Which lines of the listing below contain the word "exists"? Copy each of them.

========

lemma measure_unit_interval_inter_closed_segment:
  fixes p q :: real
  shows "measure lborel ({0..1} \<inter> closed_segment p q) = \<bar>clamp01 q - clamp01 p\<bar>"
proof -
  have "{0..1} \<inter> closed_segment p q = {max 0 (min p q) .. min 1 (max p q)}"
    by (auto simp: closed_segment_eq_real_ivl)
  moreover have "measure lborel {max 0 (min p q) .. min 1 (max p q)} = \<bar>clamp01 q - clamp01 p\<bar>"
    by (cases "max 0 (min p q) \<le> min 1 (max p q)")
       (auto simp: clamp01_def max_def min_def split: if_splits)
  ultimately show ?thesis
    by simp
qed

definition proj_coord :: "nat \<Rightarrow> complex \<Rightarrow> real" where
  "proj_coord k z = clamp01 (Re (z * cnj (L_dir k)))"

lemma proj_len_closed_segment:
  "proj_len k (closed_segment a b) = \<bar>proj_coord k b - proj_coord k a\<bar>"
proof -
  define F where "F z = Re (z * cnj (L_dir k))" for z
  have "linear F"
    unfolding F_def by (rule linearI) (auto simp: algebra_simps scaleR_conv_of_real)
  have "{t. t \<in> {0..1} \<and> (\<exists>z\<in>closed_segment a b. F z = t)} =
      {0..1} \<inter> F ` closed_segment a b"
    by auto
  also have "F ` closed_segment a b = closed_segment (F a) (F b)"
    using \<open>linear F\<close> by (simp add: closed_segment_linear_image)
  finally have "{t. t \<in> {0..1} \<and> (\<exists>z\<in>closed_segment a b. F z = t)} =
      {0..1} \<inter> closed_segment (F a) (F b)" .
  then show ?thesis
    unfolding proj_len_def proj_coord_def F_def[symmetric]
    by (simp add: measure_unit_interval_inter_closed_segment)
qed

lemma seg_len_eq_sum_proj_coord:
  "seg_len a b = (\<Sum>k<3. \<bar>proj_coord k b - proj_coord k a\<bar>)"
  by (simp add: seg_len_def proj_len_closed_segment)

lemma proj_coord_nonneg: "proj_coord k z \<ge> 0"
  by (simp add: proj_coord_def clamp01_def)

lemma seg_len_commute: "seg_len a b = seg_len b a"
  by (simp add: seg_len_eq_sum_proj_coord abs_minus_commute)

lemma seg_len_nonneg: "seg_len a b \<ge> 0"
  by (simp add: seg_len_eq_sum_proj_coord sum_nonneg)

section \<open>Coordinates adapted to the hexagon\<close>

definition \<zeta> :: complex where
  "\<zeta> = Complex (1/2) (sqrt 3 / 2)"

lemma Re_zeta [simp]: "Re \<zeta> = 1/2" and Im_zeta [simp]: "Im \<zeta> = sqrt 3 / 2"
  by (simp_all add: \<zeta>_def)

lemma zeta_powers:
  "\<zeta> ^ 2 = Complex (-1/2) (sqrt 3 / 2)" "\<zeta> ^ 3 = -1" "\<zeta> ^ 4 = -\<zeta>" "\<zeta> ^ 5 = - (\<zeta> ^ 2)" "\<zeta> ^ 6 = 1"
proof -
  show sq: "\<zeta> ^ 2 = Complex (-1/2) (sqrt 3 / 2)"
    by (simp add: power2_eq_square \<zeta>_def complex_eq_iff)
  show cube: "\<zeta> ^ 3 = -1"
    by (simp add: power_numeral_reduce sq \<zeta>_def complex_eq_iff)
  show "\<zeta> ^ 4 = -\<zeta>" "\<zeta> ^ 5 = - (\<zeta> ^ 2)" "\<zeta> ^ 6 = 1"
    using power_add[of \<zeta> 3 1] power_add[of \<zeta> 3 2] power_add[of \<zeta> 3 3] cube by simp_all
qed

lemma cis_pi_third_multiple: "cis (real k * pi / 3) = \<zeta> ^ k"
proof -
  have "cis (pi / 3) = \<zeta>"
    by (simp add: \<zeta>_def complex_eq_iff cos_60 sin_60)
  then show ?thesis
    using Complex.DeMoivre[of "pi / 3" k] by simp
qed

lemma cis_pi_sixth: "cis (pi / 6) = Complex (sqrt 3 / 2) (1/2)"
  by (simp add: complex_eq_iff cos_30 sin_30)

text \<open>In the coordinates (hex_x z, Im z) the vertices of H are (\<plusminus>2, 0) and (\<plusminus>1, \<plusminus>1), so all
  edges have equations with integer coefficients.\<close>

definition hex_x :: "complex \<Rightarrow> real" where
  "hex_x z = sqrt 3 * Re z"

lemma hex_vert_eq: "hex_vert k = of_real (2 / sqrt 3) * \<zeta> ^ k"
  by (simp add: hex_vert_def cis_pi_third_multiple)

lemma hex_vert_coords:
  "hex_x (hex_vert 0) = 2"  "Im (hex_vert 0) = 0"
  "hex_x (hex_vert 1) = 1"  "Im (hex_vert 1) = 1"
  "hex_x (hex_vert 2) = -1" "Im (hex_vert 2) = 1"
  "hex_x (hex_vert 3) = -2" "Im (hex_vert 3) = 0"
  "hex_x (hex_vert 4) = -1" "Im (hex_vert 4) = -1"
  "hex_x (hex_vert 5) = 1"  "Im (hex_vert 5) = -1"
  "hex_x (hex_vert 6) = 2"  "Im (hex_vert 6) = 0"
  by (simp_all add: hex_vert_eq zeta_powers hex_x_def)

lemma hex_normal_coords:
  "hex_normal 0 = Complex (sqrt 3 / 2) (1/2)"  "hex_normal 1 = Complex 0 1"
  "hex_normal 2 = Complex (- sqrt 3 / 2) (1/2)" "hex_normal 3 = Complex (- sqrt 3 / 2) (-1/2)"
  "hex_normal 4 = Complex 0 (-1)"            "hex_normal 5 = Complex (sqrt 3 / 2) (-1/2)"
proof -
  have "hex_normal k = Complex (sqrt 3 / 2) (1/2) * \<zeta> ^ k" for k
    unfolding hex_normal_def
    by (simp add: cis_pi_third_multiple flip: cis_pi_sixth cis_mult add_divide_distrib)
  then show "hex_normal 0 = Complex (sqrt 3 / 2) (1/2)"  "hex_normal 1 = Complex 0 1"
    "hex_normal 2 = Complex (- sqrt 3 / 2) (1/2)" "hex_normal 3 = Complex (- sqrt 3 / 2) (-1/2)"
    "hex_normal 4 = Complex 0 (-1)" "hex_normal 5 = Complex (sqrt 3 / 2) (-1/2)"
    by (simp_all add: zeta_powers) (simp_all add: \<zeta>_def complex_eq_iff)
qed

========

Result of the task:
  have "{t. t \<in> {0..1} \<and> (\<exists>z\<in>closed_segment a b. F z = t)} =
  finally have "{t. t \<in> {0..1} \<and> (\<exists>z\<in>closed_segment a b. F z = t)} =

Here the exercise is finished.